How to complete this task:
Go line by line through the data below and work out how many lines contain "SIGMA"; the answer is that number alone.

(Collected data)
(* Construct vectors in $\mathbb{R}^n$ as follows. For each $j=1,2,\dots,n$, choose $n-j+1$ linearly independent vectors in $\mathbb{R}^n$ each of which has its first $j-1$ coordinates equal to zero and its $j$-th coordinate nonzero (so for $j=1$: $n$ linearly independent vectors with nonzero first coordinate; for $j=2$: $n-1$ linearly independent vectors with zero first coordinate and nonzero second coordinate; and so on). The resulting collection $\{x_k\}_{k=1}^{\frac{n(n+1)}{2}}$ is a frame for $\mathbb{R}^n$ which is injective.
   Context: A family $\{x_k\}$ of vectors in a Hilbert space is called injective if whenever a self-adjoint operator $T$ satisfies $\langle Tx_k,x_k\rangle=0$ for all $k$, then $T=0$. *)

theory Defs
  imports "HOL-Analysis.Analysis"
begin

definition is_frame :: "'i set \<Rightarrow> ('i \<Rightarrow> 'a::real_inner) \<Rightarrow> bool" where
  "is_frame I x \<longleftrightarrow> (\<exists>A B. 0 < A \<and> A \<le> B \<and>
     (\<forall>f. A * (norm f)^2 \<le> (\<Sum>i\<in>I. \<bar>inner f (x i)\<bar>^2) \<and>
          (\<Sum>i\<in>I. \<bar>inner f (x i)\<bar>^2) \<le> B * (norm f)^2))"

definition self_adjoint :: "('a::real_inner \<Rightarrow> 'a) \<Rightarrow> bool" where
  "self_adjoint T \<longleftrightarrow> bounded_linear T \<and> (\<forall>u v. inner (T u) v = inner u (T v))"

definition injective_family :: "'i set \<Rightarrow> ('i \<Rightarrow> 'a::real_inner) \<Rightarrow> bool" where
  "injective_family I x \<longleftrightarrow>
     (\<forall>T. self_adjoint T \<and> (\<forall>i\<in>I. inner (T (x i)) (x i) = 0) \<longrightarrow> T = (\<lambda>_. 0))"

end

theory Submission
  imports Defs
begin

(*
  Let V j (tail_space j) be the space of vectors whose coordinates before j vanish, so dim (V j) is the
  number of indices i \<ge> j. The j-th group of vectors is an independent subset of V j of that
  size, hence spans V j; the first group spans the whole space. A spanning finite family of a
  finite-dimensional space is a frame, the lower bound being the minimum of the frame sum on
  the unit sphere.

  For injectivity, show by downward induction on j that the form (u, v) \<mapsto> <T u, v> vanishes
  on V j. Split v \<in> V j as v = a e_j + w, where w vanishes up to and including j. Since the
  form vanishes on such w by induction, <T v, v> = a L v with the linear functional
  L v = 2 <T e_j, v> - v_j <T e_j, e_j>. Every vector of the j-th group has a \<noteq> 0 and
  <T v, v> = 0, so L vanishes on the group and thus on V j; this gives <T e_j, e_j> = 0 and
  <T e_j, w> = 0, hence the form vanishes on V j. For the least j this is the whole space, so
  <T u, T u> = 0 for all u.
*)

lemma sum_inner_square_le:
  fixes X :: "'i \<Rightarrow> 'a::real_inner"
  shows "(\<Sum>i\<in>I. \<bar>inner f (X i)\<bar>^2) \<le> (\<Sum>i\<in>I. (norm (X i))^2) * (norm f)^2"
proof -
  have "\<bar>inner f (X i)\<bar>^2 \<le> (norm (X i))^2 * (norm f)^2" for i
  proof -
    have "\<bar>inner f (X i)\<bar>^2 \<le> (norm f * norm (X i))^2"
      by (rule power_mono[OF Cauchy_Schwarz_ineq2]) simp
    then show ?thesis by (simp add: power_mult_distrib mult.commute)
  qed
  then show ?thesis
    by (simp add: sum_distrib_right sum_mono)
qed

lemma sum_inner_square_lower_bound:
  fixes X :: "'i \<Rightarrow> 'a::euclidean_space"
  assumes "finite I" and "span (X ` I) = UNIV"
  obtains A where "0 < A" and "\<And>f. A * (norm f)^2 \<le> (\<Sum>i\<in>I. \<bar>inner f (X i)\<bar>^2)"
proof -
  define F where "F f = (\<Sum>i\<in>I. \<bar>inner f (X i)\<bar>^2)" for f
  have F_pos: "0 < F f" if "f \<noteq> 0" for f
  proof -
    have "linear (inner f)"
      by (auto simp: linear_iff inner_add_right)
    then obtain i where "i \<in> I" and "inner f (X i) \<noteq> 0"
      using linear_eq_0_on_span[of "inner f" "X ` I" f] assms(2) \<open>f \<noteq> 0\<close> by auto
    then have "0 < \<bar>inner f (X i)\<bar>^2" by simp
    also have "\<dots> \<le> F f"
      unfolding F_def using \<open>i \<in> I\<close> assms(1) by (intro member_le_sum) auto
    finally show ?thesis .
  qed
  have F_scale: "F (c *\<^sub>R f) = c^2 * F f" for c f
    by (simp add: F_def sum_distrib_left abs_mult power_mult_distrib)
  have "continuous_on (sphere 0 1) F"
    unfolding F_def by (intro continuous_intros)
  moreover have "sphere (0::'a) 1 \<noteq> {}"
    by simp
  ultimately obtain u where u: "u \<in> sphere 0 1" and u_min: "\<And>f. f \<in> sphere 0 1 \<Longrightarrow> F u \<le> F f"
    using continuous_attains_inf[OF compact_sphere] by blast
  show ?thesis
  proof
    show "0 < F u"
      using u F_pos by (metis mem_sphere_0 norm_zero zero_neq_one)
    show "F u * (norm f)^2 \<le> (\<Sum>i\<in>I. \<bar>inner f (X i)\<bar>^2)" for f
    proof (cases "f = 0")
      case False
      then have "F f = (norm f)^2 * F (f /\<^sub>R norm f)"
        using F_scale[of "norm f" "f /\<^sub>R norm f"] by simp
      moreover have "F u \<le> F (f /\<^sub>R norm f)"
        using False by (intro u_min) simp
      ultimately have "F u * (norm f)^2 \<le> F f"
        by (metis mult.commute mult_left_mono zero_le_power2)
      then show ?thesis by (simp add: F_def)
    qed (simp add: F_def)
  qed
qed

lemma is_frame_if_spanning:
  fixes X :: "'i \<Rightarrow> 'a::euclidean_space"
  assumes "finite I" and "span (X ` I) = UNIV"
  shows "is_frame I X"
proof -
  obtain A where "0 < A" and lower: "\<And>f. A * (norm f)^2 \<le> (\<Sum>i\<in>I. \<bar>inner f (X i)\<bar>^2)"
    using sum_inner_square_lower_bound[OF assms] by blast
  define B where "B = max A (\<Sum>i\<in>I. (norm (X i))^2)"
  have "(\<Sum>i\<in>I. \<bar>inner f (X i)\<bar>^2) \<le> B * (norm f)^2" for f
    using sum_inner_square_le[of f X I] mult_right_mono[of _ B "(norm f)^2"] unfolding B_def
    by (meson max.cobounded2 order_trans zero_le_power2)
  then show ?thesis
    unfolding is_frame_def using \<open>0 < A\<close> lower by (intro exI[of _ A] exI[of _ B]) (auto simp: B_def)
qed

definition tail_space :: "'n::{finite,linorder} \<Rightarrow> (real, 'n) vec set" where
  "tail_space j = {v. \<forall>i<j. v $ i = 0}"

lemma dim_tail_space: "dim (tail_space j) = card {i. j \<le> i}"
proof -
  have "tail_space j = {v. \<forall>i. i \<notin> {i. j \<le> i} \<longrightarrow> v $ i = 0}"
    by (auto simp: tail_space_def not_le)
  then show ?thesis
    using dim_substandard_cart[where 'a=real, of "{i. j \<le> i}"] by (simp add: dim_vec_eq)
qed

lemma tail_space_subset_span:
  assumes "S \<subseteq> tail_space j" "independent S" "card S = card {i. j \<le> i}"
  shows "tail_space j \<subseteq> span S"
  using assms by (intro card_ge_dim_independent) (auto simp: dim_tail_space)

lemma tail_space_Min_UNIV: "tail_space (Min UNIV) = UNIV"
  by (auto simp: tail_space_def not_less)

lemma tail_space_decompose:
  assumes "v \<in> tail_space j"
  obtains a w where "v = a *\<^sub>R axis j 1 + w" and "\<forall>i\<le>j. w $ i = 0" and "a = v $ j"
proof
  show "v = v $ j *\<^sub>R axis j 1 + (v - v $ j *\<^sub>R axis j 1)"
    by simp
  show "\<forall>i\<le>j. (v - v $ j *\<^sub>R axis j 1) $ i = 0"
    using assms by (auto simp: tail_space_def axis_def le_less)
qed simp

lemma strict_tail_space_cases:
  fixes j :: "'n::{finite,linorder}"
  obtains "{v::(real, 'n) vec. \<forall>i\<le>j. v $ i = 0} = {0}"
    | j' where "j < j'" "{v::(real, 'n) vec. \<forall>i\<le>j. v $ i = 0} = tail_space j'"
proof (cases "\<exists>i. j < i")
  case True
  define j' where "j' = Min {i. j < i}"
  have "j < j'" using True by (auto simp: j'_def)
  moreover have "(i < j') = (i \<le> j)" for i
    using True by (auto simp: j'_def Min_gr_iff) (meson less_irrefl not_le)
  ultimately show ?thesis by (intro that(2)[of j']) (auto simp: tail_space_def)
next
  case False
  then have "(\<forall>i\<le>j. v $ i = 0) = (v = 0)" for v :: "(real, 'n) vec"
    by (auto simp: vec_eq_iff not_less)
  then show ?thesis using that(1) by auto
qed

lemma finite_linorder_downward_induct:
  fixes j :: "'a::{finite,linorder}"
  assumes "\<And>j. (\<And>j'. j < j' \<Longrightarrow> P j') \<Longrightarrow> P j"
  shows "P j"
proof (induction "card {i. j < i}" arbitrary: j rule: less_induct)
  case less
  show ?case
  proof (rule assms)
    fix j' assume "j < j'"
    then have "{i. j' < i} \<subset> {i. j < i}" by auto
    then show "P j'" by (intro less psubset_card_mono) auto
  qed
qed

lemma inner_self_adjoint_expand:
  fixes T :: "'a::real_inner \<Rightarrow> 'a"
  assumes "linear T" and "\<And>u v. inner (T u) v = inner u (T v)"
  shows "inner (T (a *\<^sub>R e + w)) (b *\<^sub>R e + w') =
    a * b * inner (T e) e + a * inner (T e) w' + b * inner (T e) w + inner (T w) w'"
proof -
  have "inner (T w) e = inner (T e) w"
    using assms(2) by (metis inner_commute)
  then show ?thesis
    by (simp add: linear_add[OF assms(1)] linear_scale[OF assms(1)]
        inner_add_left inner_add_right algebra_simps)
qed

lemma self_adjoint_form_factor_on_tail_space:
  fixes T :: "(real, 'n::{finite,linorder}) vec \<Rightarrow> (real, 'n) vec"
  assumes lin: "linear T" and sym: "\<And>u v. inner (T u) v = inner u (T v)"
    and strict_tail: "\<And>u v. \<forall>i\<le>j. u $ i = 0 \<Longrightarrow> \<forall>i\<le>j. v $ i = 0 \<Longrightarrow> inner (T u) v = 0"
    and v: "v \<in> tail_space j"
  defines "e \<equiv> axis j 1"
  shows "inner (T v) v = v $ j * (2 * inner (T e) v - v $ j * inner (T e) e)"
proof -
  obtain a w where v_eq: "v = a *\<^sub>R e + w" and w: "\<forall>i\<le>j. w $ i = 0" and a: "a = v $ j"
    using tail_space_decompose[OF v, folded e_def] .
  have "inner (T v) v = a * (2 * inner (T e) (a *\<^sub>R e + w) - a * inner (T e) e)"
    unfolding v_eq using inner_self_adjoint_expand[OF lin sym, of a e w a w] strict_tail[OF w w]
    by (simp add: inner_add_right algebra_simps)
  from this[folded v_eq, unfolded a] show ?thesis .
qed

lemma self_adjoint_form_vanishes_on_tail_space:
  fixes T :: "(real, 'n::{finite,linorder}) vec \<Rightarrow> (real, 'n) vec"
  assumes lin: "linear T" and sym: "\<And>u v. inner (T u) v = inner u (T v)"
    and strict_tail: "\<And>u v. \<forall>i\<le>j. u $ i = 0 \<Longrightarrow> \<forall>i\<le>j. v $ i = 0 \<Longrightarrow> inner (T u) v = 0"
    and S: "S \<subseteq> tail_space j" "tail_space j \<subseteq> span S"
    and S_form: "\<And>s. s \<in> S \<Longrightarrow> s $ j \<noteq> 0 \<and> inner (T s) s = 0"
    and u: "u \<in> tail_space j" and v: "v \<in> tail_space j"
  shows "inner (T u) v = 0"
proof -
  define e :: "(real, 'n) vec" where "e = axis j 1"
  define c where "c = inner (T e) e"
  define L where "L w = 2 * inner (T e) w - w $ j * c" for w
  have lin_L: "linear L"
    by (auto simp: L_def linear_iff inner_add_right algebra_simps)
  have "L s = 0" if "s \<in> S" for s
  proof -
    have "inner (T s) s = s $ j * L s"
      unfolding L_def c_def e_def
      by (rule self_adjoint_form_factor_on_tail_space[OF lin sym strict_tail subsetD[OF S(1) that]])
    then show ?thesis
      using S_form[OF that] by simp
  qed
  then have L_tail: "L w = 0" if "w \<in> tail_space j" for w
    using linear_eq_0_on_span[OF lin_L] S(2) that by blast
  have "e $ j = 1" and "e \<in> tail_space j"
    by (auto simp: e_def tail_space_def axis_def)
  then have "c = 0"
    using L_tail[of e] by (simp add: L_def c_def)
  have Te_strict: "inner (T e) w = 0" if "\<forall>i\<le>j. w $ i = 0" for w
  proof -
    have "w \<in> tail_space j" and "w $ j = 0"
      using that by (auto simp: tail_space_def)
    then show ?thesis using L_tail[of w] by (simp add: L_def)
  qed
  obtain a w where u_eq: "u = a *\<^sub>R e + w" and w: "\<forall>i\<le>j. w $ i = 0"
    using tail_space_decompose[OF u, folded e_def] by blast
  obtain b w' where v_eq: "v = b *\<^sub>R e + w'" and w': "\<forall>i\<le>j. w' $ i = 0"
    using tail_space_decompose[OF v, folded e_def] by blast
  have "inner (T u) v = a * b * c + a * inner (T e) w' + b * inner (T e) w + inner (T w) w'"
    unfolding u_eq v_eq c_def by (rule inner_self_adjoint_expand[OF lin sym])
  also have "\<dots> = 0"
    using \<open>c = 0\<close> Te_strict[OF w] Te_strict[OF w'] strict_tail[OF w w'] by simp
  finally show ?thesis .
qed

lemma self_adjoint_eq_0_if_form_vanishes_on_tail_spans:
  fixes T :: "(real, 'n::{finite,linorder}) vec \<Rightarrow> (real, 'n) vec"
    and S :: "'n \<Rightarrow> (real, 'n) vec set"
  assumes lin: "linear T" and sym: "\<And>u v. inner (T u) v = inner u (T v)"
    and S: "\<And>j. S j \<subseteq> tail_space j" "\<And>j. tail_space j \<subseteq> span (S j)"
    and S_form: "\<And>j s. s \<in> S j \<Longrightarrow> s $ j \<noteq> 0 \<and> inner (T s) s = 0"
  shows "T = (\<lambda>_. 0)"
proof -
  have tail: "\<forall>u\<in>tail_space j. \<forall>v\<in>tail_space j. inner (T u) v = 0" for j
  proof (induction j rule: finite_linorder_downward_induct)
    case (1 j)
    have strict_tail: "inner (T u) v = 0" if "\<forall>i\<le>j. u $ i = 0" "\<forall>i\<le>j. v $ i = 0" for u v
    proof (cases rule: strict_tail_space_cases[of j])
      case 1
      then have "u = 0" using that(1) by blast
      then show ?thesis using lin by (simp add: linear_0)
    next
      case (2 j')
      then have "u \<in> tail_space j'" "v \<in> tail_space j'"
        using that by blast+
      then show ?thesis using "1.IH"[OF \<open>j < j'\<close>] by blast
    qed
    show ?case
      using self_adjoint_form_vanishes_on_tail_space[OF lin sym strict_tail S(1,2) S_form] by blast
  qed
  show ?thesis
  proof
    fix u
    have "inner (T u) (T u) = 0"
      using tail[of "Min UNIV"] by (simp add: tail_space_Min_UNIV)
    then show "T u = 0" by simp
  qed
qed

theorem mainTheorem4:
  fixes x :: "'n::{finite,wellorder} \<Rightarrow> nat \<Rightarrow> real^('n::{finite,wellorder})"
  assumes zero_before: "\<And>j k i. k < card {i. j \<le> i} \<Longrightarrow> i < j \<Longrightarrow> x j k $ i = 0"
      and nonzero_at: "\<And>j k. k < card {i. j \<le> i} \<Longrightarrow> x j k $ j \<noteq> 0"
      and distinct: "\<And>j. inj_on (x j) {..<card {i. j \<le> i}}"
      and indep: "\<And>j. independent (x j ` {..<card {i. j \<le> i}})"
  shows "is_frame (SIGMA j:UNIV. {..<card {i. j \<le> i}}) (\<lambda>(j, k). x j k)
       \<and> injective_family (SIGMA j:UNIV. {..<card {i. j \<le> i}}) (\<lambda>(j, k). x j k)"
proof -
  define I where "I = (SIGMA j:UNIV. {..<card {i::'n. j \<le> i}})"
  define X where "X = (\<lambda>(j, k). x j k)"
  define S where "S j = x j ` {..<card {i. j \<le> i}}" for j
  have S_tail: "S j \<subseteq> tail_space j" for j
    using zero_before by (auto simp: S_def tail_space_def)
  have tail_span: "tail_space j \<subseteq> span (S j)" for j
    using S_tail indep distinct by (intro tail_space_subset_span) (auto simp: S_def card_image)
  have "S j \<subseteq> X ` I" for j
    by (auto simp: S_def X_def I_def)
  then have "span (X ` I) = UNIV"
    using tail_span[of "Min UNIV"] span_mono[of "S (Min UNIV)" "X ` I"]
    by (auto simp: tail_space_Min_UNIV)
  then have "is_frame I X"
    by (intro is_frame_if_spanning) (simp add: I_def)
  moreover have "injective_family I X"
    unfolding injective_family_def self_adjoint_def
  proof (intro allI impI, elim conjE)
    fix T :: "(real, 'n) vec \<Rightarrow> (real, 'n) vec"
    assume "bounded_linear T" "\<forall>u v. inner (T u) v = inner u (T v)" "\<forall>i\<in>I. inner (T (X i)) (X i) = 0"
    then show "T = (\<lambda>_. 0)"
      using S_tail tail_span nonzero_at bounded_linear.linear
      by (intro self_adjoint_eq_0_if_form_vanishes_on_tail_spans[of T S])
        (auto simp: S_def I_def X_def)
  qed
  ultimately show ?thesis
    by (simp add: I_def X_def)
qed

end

Output for this task:
3